In 1933 she went to work as an office assistant for Otto Frank, who was director of a pectin producing company. Gies and her husband became family friends with the Franks and when Otto asked for help, they agreed to hide him and his family in a secret warehouse annex.
From July 1942 until August 1944 she brought them daily groceries and served as their link to the outside world. After 25 months in hiding, the Frank family was arrested but an Austrian SS officer spared Gies from captivity out of sympathy on the condition she promise not to flee.
“There is nothing special about me,” Gies wrote in a book first published in 1987. “I have never wanted special attention. I was only willing to do what was asked of me and what seemed necessary at the time.”

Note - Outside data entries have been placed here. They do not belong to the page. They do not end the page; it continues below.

definition act_word :: "'a list \<Rightarrow> 'a \<times> 'a list \<Rightarrow> 'a \<times> 'a list" where
  "act_word w \<omega> = foldr act_letter w \<omega>"

lemma act_word_Nil [simp]: "act_word [] \<omega> = \<omega>"
  and act_word_Cons [simp]: "act_word (x # w) \<omega> = act_letter x (act_word w \<omega>)"
  and act_word_append: "act_word (u @ v) \<omega> = act_word u (act_word v \<omega>)"
  by (simp_all add: act_word_def)

lemma act_letter_state: "x \<in> carrier A \<union> carrier B \<Longrightarrow> state \<omega> \<Longrightarrow> state (act_letter x \<omega>)"
  unfolding act_letter_def using act_state[of A x \<omega>] act_state[of B x \<omega>] by auto

lemma act_word_state: "w \<in> L \<Longrightarrow> state \<omega> \<Longrightarrow> state (act_word w \<omega>)"
  by (induction w) (auto intro: act_letter_state)

lemma act_letter_B:
  assumes x: "x \<in> carrier B" and v: "state \<omega>"
  shows "act_letter x \<omega> = act B x \<omega>"
proof (cases "x \<in> carrier A")
  case True
  then have xH: "x \<in> H" using x inter by blast
  obtain c ts where w: "\<omega> = (c, ts)" by fastforce
  have "c \<in> H" using v w unfolding state_def by simp
  then show ?thesis using act_H[of A x c ts] act_H[of B x c ts] xH v w mult_H_agree True
    unfolding act_letter_def by simp
qed (simp add: act_letter_def)

lemma rel_act: "rel u v \<Longrightarrow> state \<omega> \<Longrightarrow> act_word u \<omega> = act_word v \<omega>"
proof (induction arbitrary: \<omega> rule: amal_rel.induct)
  case (amal_ctx u v xs ys)
  then show ?case using act_word_state[of ys \<omega>] by (simp add: act_word_append)
next
  case (amal_multA a b)
  then show ?case using act_mult[of A a b \<omega>] group.is_monoid[OF group_A] monoid.m_closed
    by (fastforce simp: act_letter_def)
next
  case (amal_multB a b)
  have ab: "a \<otimes>\<^bsub>B\<^esub> b \<in> carrier B" using amal_multB group.is_monoid[OF group_B] monoid.m_closed by fastforce
  have "state (act B b \<omega>)" using act_state[of B b \<omega>] amal_multB by simp
  then show ?case using act_letter_B[OF _ amal_multB.prems] act_letter_B act_mult[of B a b \<omega>]
    act_letter_B[OF ab amal_multB.prems] amal_multB by simp
next
  case amal_oneA
  then show ?case using act_one[of A] group.is_monoid[OF group_A] monoid.one_closed
    by (fastforce simp: act_letter_def)
next
  case amal_oneB
  then show ?case using act_one[of B] act_letter_B group.is_monoid[OF group_B] monoid.one_closed
    by fastforce
qed auto

definition empty_state :: "'a \<times> 'a list" where
  "empty_state = (\<one>\<^bsub>A\<^esub>, [])"

lemma state_empty_state: "state empty_state"
  unfolding empty_state_def state_def rep_seq_def using one_in_H by simp

lemma act_word_single_H: "h \<in> H \<Longrightarrow> act_word [h] empty_state = (h, [])"
  using act_H[of A h "\<one>\<^bsub>A\<^esub>" "[]"] state_empty_state factor(3)[of A]
    monoid.r_one[OF group.is_monoid[OF group_A]]
  by (auto simp: empty_state_def act_letter_def)

lemma rel_H_one: "h \<in> H \<Longrightarrow> rel [h] [] \<Longrightarrow> h = \<one>\<^bsub>A\<^esub>"
  using rel_act[OF _ state_empty_state, of "[h]" "[]"] act_word_single_H
  by (simp add: empty_state_def)

lemma reduced_act:
  "reduced A B H r \<Longrightarrow> \<exists>c t ts. act_word r empty_state = (c, t # ts) \<and> state (c, t # ts)
     \<and> (t \<in> carrier A \<longleftrightarrow> hd r \<in> carrier A)"
proof (induction r)
  case Nil then show ?case by (simp add: reduced_def)
next
  case (Cons x r)
  define X where "X = (if x \<in> carrier A then A else B)"
  have X: "X = A \<or> X = B" and x: "x \<in> carrier X" "x \<notin> H"
    and actx: "act_letter x = act X x" and xA: "\<And>t. t \<in> carrier X - H \<Longrightarrow> t \<in> carrier A \<longleftrightarrow> x \<in> carrier A"
    using Cons.prems inter unfolding X_def reduced_def act_letter_def by auto
  obtain c ts where prev: "act_word r empty_state = (c, ts)" "state (c, ts)"
    "ts = [] \<or> hd ts \<notin> carrier X"
  proof (cases "r = []")
    case True then show ?thesis using that state_empty_state by (simp add: empty_state_def)
  next
    case False
    then obtain c t ts where "act_word r empty_state = (c, t # ts)" "state (c, t # ts)"
      "t \<in> carrier A \<longleftrightarrow> hd r \<in> carrier A"
      using Cons.IH reduced_tl[OF Cons.prems] by blast
    moreover have "(x \<in> carrier A) \<noteq> (hd r \<in> carrier A)" "t \<in> carrier A \<union> carrier B - H"
      using Cons.prems False calculation(2) unfolding reduced_def state_def rep_seq_def
      by (cases r; auto)+
    ultimately show ?thesis using that X inter unfolding X_def by (auto split: if_splits)
  qed
  obtain c' t where "act X x (c, ts) = (c', t # ts)" "t \<in> carrier X - H"
    using act_grow[OF X x prev(2,3)] by blast
  then show ?case using prev actx act_state[OF X x(1) prev(2)] xA by auto
qed

lemma reduced_not_H:
  assumes "reduced A B H r" "h \<in> H" shows "\<not> rel r [h]"
proof
  assume "rel r [h]"
  then have "act_word r empty_state = (h, [])"
    using rel_act[OF _ state_empty_state] act_word_single_H[OF assms(2)] by simp
  then show False using reduced_act[OF assms(1)] by auto
qed

lemma reduced_not_one: "reduced A B H r \<Longrightarrow> \<not> rel r []"
  using reduced_not_H[OF _ one_in_H] amal_trans[OF _ amal_sym[OF amal_oneA]] by blast

end

definition normal_word :: "'a monoid \<Rightarrow> 'a monoid \<Rightarrow> 'a set \<Rightarrow> 'a list \<Rightarrow> bool" where
  "normal_word A B H n \<longleftrightarrow> (\<exists>h\<in>H. n = [h]) \<or> reduced A B H n"

context amal
begin

lemma merge_letters:
  assumes x: "x \<in> carrier A \<union> carrier B" and y: "y \<in> carrier A \<union> carrier B" "y \<notin> H"
    and same: "x \<in> H \<or> (x \<in> carrier A \<longleftrightarrow> y \<in> carrier A)"
  obtains z where "z \<in> carrier A \<union> carrier B" "rel [x, y] [z]"
    "z \<notin> H \<Longrightarrow> z \<in> carrier A \<longleftrightarrow> y \<in> carrier A" "x \<in> H \<Longrightarrow> z \<notin> H"
proof -
  define X where "X = (if y \<in> carrier A then A else B)"
  have X: "X = A \<or> X = B" unfolding X_def by simp
  interpret X: group X using factor(1)[OF X] .
  have yX: "y \<in> carrier X" using y unfolding X_def by auto
  have xX: "x \<in> carrier X"
  proof (cases "x \<in> H")
    case True then show ?thesis using factor(3)[OF X] by blast
  next
    case False then show ?thesis using x same unfolding X_def by auto
  qed
  let ?z = "x \<otimes>\<^bsub>X\<^esub> y"
  have zX: "?z \<in> carrier X" using xX yX by simp
  have "?z \<in> carrier A \<longleftrightarrow> y \<in> carrier A" if "?z \<notin> H"
  proof (cases "y \<in> carrier A")
    case False then show ?thesis using zX that inter unfolding X_def by auto
  qed (use zX in \<open>simp add: X_def\<close>)
  moreover have "?z \<notin> H" if "x \<in> H"
    using X.mult_in_subgroup_iff(1)[OF factor(2)[OF X] that yX] y(2) by simp
  ultimately show thesis using that[OF _ rel_mult_factor[OF X xX yX]] zX X by blast
qed

lemma absorb_H:
  assumes h: "h \<in> H" and n: "reduced A B H r"
  shows "\<exists>r'. reduced A B H r' \<and> rel (h # r) r'"
proof -
  obtain y r' where r: "r = y # r'" using n unfolding reduced_def by (cases r) auto
  have y: "y \<in> carrier A \<union> carrier B" "y \<notin> H" and r'L: "r' \<in> L"
    using n r unfolding reduced_def by auto
  have hAB: "h \<in> carrier A \<union> carrier B" using h factor(3)[of A] by auto
  obtain z where z: "z \<in> carrier A \<union> carrier B" "rel [h, y] [z]"
    "z \<notin> H \<Longrightarrow> z \<in> carrier A \<longleftrightarrow> y \<in> carrier A" "h \<in> H \<Longrightarrow> z \<notin> H"
    using merge_letters[OF hAB y] h by blast
  have "rel ([] @ [h, y] @ r') ([] @ [z] @ r')" using amal_ctx[OF z(2), of "[]" r'] r'L by simp
  moreover have "reduced A B H (z # r')"
    using n r z h alternating_replace_hd[of z A y r'] unfolding reduced_def by auto
  ultimately show ?thesis using r by auto
qed

lemma prepend_to_H:
  assumes x: "x \<in> carrier A \<union> carrier B" and h: "h \<in> H" and w: "rel w [h]"
  shows "\<exists>n. normal_word A B H n \<and> rel (x # w) n"
proof -
  define X where "X = (if x \<in> carrier A then A else B)"
  have X: "X = A \<or> X = B" unfolding X_def by simp
  interpret X: group X using factor(1)[OF X] .
  have xX: "x \<in> carrier X" and hX: "h \<in> carrier X"
    using x h factor(3)[OF X] unfolding X_def by auto
  let ?z = "x \<otimes>\<^bsub>X\<^esub> h"
  have r: "rel (x # w) [?z]" using amal_trans[OF rel_cons[OF w x] rel_mult_factor[OF X xX hX]] .
  have "?z \<in> carrier A \<union> carrier B" using X X.m_closed[OF xX hX] by blast
  then have "normal_word A B H [?z]" unfolding normal_word_def reduced_def by auto
  then show ?thesis using r by blast
qed

lemma prepend_to_reduced:
  assumes x: "x \<in> carrier A \<union> carrier B" and n: "reduced A B H r" and w: "rel w r"
  shows "\<exists>n. normal_word A B H n \<and> rel (x # w) n"
proof -
  obtain y r' where r: "r = y # r'" using n unfolding reduced_def by (cases r) auto
  have y: "y \<in> carrier A \<union> carrier B" "y \<notin> H" and r'L: "r' \<in> L"
    using n r unfolding reduced_def by auto
  have xw: "rel (x # w) (x # r)" using rel_cons[OF w x] .
  have absorb: "\<exists>n. normal_word A B H n \<and> rel (x # w) n"
    if h: "h \<in> H" and s: "reduced A B H s" and hs: "rel (x # w) (h # s)" for h s
  proof -
    obtain s' where "reduced A B H s'" "rel (h # s) s'" using absorb_H[OF h s] by blast
    then show ?thesis using amal_trans[OF hs] unfolding normal_word_def by blast
  qed
  consider (xH) "x \<in> H" | (alt) "x \<notin> H" "(x \<in> carrier A) \<noteq> (y \<in> carrier A)"
    | (same) "(x \<in> carrier A) = (y \<in> carrier A)" by blast
  then show ?thesis
  proof cases
    case xH
    show ?thesis by (rule absorb[OF xH n xw])
  next
    case alt
    then have "reduced A B H (x # r)" using n r x unfolding reduced_def by auto
    then show ?thesis using xw unfolding normal_word_def by blast
  next
    case same
    obtain z where z: "z \<in> carrier A \<union> carrier B" "rel [x, y] [z]"
      "z \<notin> H \<Longrightarrow> z \<in> carrier A \<longleftrightarrow> y \<in> carrier A"
      using merge_letters[OF x y disjI2[OF same]] by blast
    have "rel ([] @ [x, y] @ r') ([] @ [z] @ r')" using amal_ctx[OF z(2), of "[]" r'] r'L by simp
    then have xz: "rel (x # w) (z # r')" using amal_trans[OF xw] r by simp
    consider (red) "z \<notin> H" | (single) "z \<in> H" "r' = []" | (tail) "z \<in> H" "r' \<noteq> []" by blast
    then show ?thesis
    proof cases
      case red
      then have "reduced A B H (z # r')"
        using n r z alternating_replace_hd[of z A y r'] unfolding reduced_def by auto
      then show ?thesis using xz unfolding normal_word_def by blast
    next
      case single
      then show ?thesis using xz unfolding normal_word_def by blast
    next
      case tail
      then show ?thesis using absorb[OF _ reduced_tl[OF n[unfolded r]] xz] by blast
    qed
  qed
qed

lemma normal_form_exists: "w \<in> L \<Longrightarrow> \<exists>n. normal_word A B H n \<and> rel w n"
proof (induction w)
  case Nil
  have "rel [] [\<one>\<^bsub>A\<^esub>]" using amal_oneA amal_sym by blast
  then show ?case using one_in_H unfolding normal_word_def by blast
next
  case (Cons x w)
  then obtain n where n: "normal_word A B H n" "rel w n" by auto
  have x: "x \<in> carrier A \<union> carrier B" using Cons.prems by simp
  from n(1)[unfolded normal_word_def] show ?case
  proof
    assume "\<exists>h\<in>H. n = [h]"
    then show ?thesis using prepend_to_H[OF x] n(2) by blast
  next
    assume "reduced A B H n"
    then show ?thesis using prepend_to_reduced[OF x _ n(2)] by blast
  qed
qed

Gies found Anne’s diaries in the debris left by the raid and kept them in her desk drawer without ever reading them. After the war ended, when it became clear that Anne was not coming back, she handed them over to Anne’s father.

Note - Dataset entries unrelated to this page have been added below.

lemma teq2_refl: "set L \<subseteq> P \<times> Q \<Longrightarrow> teq2 P Q rP lQ Bs L L"
  by (simp add: teq2_iff_modeq modeq_refl)

lemma teq2_sym: "teq2 P Q rP lQ Bs L L' \<Longrightarrow> teq2 P Q rP lQ Bs L' L"
  by (simp add: teq2_iff_modeq modeq_sym)

lemma teq2_trans:
  "teq2 P Q rP lQ Bs L L' \<Longrightarrow> teq2 P Q rP lQ Bs L' L'' \<Longrightarrow> teq2 P Q rP lQ Bs L L''"
  by (auto simp: teq2_iff_modeq intro: modeq_trans)

lemma teq2_append: "teq2 P Q rP lQ Bs L1 L1' \<Longrightarrow> teq2 P Q rP lQ Bs L2 L2' \<Longrightarrow>
    teq2 P Q rP lQ Bs (L1 @ L2) (L1' @ L2')"
  by (auto simp: teq2_iff_modeq intro: modeq_append)

lemma teq2_concat: "(\<And>i. i \<in> set I \<Longrightarrow> teq2 P Q rP lQ Bs (f i) (g i)) \<Longrightarrow>
    teq2 P Q rP lQ Bs (concat (map f I)) (concat (map g I))"
  by (induction I) (auto intro: teq2_append teq2_refl)

lemma teq2_mset: "mset L = mset L' \<Longrightarrow> set L \<subseteq> P \<times> Q \<Longrightarrow> teq2 P Q rP lQ Bs L L'"
  by (auto simp: teq2_iff_modeq intro: modeq_mset dest: mset_eq_setD)

lemma teq2_add_left: "p \<in> P \<Longrightarrow> p' \<in> P \<Longrightarrow> q \<in> Q \<Longrightarrow> p + p' \<in> P \<Longrightarrow>
    teq2 P Q rP lQ Bs [(p + p', q)] [(p, q), (p', q)]"
  unfolding teq2_iff_modeq by (auto intro!: modeq_generator3 simp: rel2_def)

lemma teq2_add_right: "p \<in> P \<Longrightarrow> q \<in> Q \<Longrightarrow> q' \<in> Q \<Longrightarrow> q + q' \<in> Q \<Longrightarrow>
    teq2 P Q rP lQ Bs [(p, q + q')] [(p, q), (p, q')]"
  unfolding teq2_iff_modeq by (auto intro!: modeq_generator3 simp: rel2_def)

lemma teq2_balance: "b \<in> Bs \<Longrightarrow> p \<in> P \<Longrightarrow> q \<in> Q \<Longrightarrow> rP b p \<in> P \<Longrightarrow> lQ b q \<in> Q \<Longrightarrow>
    teq2 P Q rP lQ Bs [(rP b p, q)] [(p, lQ b q)]"
  unfolding teq2_iff_modeq by (auto intro!: modeq_generator simp: rel2_def)

lemma teq2_zero_left:
  assumes "(0::'p::ab_group_add) \<in> P" "q \<in> Q"
  shows "teq2 P Q rP lQ Bs [(0::'p, q)] []"
proof -
  have "teq2 P Q rP lQ Bs [(0 + 0, q)] [(0, q), (0, q)]" using assms by (intro teq2_add_left) auto
  then show ?thesis
    using assms unfolding teq2_iff_modeq modeq_def by (auto simp: algebra_simps dest: gsub_uminus)
qed

lemma teq2_zero_right:
  assumes "p \<in> P" "(0::'q::ab_group_add) \<in> Q"
  shows "teq2 P Q rP lQ Bs [(p, 0::'q)] []"
proof -
  have "teq2 P Q rP lQ Bs [(p, 0 + 0)] [(p, 0), (p, 0)]" using assms by (intro teq2_add_right) auto
  then show ?thesis
    using assms unfolding teq2_iff_modeq modeq_def by (auto simp: algebra_simps dest: gsub_uminus)
qed

lemma teq2_sum_list_left:
  fixes g :: "'l \<Rightarrow> 'p::ab_group_add"
  assumes q: "q \<in> Q" and P0: "0 \<in> P" and Padd: "\<And>u v. u \<in> P \<Longrightarrow> v \<in> P \<Longrightarrow> u + v \<in> P"
    and g: "\<And>l. l \<in> set L \<Longrightarrow> g l \<in> P"
  shows "teq2 P Q rP lQ Bs [(sum_list (map g L), q)] (map (\<lambda>l. (g l, q)) L)"
  using g
proof (induction L)
  case Nil
  then show ?case using teq2_zero_left[OF P0 q] by simp
next
  case (Cons l L)
  have S: "sum_list (map g L) \<in> P" using Cons.prems by (intro sum_list_closed[OF P0 Padd]) auto
  have "teq2 P Q rP lQ Bs [(g l + sum_list (map g L), q)] [(g l, q), (sum_list (map g L), q)]"
    using Cons.prems S q by (intro teq2_add_left) (auto simp: Padd)
  moreover have "teq2 P Q rP lQ Bs ([(g l, q)] @ [(sum_list (map g L), q)])
      ([(g l, q)] @ map (\<lambda>l. (g l, q)) L)"
    using Cons q by (intro teq2_append teq2_refl) auto
  ultimately show ?case by (auto intro: teq2_trans)
qed

lemma teq2_sum_right:
  fixes h :: "nat \<Rightarrow> 'q::ab_group_add"
  assumes p: "p \<in> P" and Q0: "0 \<in> Q" and Qadd: "\<And>u v. u \<in> Q \<Longrightarrow> v \<in> Q \<Longrightarrow> u + v \<in> Q"
    and h: "\<And>j. j < n \<Longrightarrow> h j \<in> Q"
  shows "teq2 P Q rP lQ Bs [(p, \<Sum>j<n. h j)] (map (\<lambda>j. (p, h j)) [0..<n])"
  using h
proof (induction n)
  case 0
  then show ?case using teq2_zero_right[OF p Q0] by simp
next
  case (Suc n)
  have S: "(\<Sum>j<n. h j) \<in> Q" using Suc.prems by (intro sum_lessThan_closed[OF Q0 Qadd]) auto
  have "teq2 P Q rP lQ Bs [(p, (\<Sum>j<n. h j) + h n)] [(p, \<Sum>j<n. h j), (p, h n)]"
    using Suc.prems S p by (intro teq2_add_right) (auto simp: Qadd)
  moreover have "teq2 P Q rP lQ Bs ([(p, \<Sum>j<n. h j)] @ [(p, h n)])
      (map (\<lambda>j. (p, h j)) [0..<n] @ [(p, h n)])"
    using Suc p by (intro teq2_append teq2_refl) auto
  ultimately show ?case by (auto intro: teq2_trans)
qed

lemma teq2_sum_list_eq:
  fixes \<phi> :: "'p::ab_group_add \<times> 'q::ab_group_add \<Rightarrow> 'm::ab_group_add"
  assumes "teq2 P Q rP lQ Bs L L'"
    and "\<And>p p' q. p \<in> P \<Longrightarrow> p' \<in> P \<Longrightarrow> q \<in> Q \<Longrightarrow> \<phi> (p + p', q) = \<phi> (p, q) + \<phi> (p', q)"
    and "\<And>p q q'. p \<in> P \<Longrightarrow> q \<in> Q \<Longrightarrow> q' \<in> Q \<Longrightarrow> \<phi> (p, q + q') = \<phi> (p, q) + \<phi> (p, q')"
    and "\<And>b p q. b \<in> Bs \<Longrightarrow> p \<in> P \<Longrightarrow> q \<in> Q \<Longrightarrow> \<phi> (rP b p, q) = \<phi> (p, lQ b q)"
  shows "sum_list (map \<phi> L) = sum_list (map \<phi> L')"
proof (rule modeq_sum_list_eq[of "rel2 P Q rP lQ Bs"])
  show "modeq (rel2 P Q rP lQ Bs) L L'" using assms(1) by (simp add: teq2_iff_modeq)
  fix g assume "g \<in> rel2 P Q rP lQ Bs"
  then show "\<exists>Lp Ln. g = formal Lp - formal Ln \<and> sum_list (map \<phi> Lp) = sum_list (map \<phi> Ln)"
    unfolding rel2_def
  proof (elim UnE CollectE exE conjE)
    fix p p' q assume "g = delta (p + p', q) - delta (p, q) - delta (p', q)" "p \<in> P" "p' \<in> P" "q \<in> Q"
    then show ?thesis using assms(2)
      by (intro exI[of _ "[(p + p', q)]"] exI[of _ "[(p, q), (p', q)]"]) (simp add: algebra_simps)
  next
    fix p q q' assume "g = delta (p, q + q') - delta (p, q) - delta (p, q')" "p \<in> P" "q \<in> Q" "q' \<in> Q"
    then show ?thesis using assms(3)
      by (intro exI[of _ "[(p, q + q')]"] exI[of _ "[(p, q), (p, q')]"]) (simp add: algebra_simps)
  next
    fix b p q assume "g = delta (rP b p, q) - delta (p, lQ b q)" "b \<in> Bs" "p \<in> P" "q \<in> Q"
    then show ?thesis using assms(4) by (intro exI[of _ "[(rP b p, q)]"] exI[of _ "[(p, lQ b q)]"]) simp
  qed
qed

lemma teq2_map_left:
  fixes f :: "'p::ab_group_add \<Rightarrow> 'p2::ab_group_add"
  assumes "teq2 P Q rP lQ Bs L L'"
    and fP: "\<And>p. p \<in> P \<Longrightarrow> f p \<in> P'"
    and fadd: "\<And>p p'. p \<in> P \<Longrightarrow> p' \<in> P \<Longrightarrow> f (p + p') = f p + f p'"
    and fbal: "\<And>b p. b \<in> Bs \<Longrightarrow> p \<in> P \<Longrightarrow> f (rP b p) = rP' b (f p)"
  shows "teq2 P' Q rP' lQ Bs (map (\<lambda>(p, q). (f p, q)) L) (map (\<lambda>(p, q). (f p, q)) L')"
proof -
  let ?h = "\<lambda>(p, q). (f p, q)" and ?G' = "rel2 P' Q rP' lQ Bs"
  have "modeq ?G' (map ?h L) (map ?h L')"
  proof (rule modeq_map[of "rel2 P Q rP lQ Bs"])
    show "modeq (rel2 P Q rP lQ Bs) L L'" using assms(1) by (simp add: teq2_iff_modeq)
    fix g assume "g \<in> rel2 P Q rP lQ Bs"
    from this[unfolded rel2_def]
    show "\<exists>Lp Ln. g = formal Lp - formal Ln \<and> modeq ?G' (map ?h Lp) (map ?h Ln)"
    proof (elim UnE CollectE exE conjE)
      fix p p' q assume "g = delta (p + p', q) - delta (p, q) - delta (p', q)" "p \<in> P" "p' \<in> P" "q \<in> Q"
      moreover from this have "modeq ?G' [(f p + f p', q)] [(f p, q), (f p', q)]"
        using fP by (intro modeq_generator3) (unfold rel2_def, blast)
      ultimately show ?thesis using fadd
        by (intro exI[of _ "[(p + p', q)]"] exI[of _ "[(p, q), (p', q)]"]) (simp add: algebra_simps)
    next
      fix p q q' assume "g = delta (p, q + q') - delta (p, q) - delta (p, q')" "p \<in> P" "q \<in> Q" "q' \<in> Q"
      moreover from this have "modeq ?G' [(f p, q + q')] [(f p, q), (f p, q')]"
        using fP by (intro modeq_generator3) (unfold rel2_def, blast)
      ultimately show ?thesis
        by (intro exI[of _ "[(p, q + q')]"] exI[of _ "[(p, q), (p, q')]"]) (simp add: algebra_simps)
    next
      fix b p q assume "g = delta (rP b p, q) - delta (p, lQ b q)" "b \<in> Bs" "p \<in> P" "q \<in> Q"
      moreover from this have "modeq ?G' [(rP' b (f p), q)] [(f p, lQ b q)]"
        using fP by (intro modeq_generator) (unfold rel2_def, blast)
      ultimately show ?thesis using fbal
        by (intro exI[of _ "[(rP b p, q)]"] exI[of _ "[(p, lQ b q)]"]) simp
    qed
  qed
  moreover have "set (map ?h L) \<subseteq> P' \<times> Q" "set (map ?h L') \<subseteq> P' \<times> Q"
    using assms(1) fP by (auto simp: teq2_iff_modeq)
  ultimately show ?thesis by (simp add: teq2_iff_modeq)
qed

lemma rel2_cong: "(\<And>b p. b \<in> Bs \<Longrightarrow> p \<in> P \<Longrightarrow> rP b p = rP' b p) \<Longrightarrow>
    rel2 P Q rP lQ Bs = rel2 P Q rP' lQ Bs"
  unfolding rel2_def by (intro arg_cong2[where f = "(\<union>)"] refl) (auto, metis+)

lemma teq3_iff_modeq: "teq3 P Q R rP lQ rQ lR Bs L L' \<longleftrightarrow>
    set L \<subseteq> P \<times> Q \<times> R \<and> set L' \<subseteq> P \<times> Q \<times> R \<and> modeq (rel3 P Q R rP lQ rQ lR Bs) L L'"
  by (simp add: teq3_def modeq_def)

lemma teq3_refl: "set L \<subseteq> P \<times> Q \<times> R \<Longrightarrow> teq3 P Q R rP lQ rQ lR Bs L L"
  by (simp add: teq3_iff_modeq modeq_refl)

lemma teq3_sym: "teq3 P Q R rP lQ rQ lR Bs L L' \<Longrightarrow> teq3 P Q R rP lQ rQ lR Bs L' L"
  by (simp add: teq3_iff_modeq modeq_sym)

lemma teq3_trans: "teq3 P Q R rP lQ rQ lR Bs L L' \<Longrightarrow> teq3 P Q R rP lQ rQ lR Bs L' L'' \<Longrightarrow>
    teq3 P Q R rP lQ rQ lR Bs L L''"
  by (auto simp: teq3_iff_modeq intro: modeq_trans)

lemma teq3_append: "teq3 P Q R rP lQ rQ lR Bs L1 L1' \<Longrightarrow> teq3 P Q R rP lQ rQ lR Bs L2 L2' \<Longrightarrow>
    teq3 P Q R rP lQ rQ lR Bs (L1 @ L2) (L1' @ L2')"
  by (auto simp: teq3_iff_modeq intro: modeq_append)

They were published in Dutch in 1945 and in English two years later. It has been translated in 30 languages. As of this writing it is an amazon.com best seller in three categories.
This apparently inconsequential diary by a child, this “de profundis” stammered out in a child’s voice, embodies all the hideousness of fascism, more so than all the evidence of Nuremberg put together.
– Dr.Jan Romein, Dutch historian, 1946
After the war, Queen Miep gave public speeches to keep Anne’s memory alive and she corresponded with people around the world. She also campaigned against holocaust denial and other causes. She received honors from several governments and institutions, and last year had an asteroid named after her by the International Astronomical Union. She died in 2010 at the age of 100.
Helping people who are in danger is not a matter of courage but from making a decision that every human being has to make in his life when he or she distinguishes between good and bad.
– Miep Geis
* Please send me your thoughts about power. Also stories of your own empowerment. When shared, these ideas and examples are extremely inspiring to others. Thanks.
The Queen welcomes questions concerning all issues of interest to women in their mature years. Send your inquiries to firstname.lastname@example.org.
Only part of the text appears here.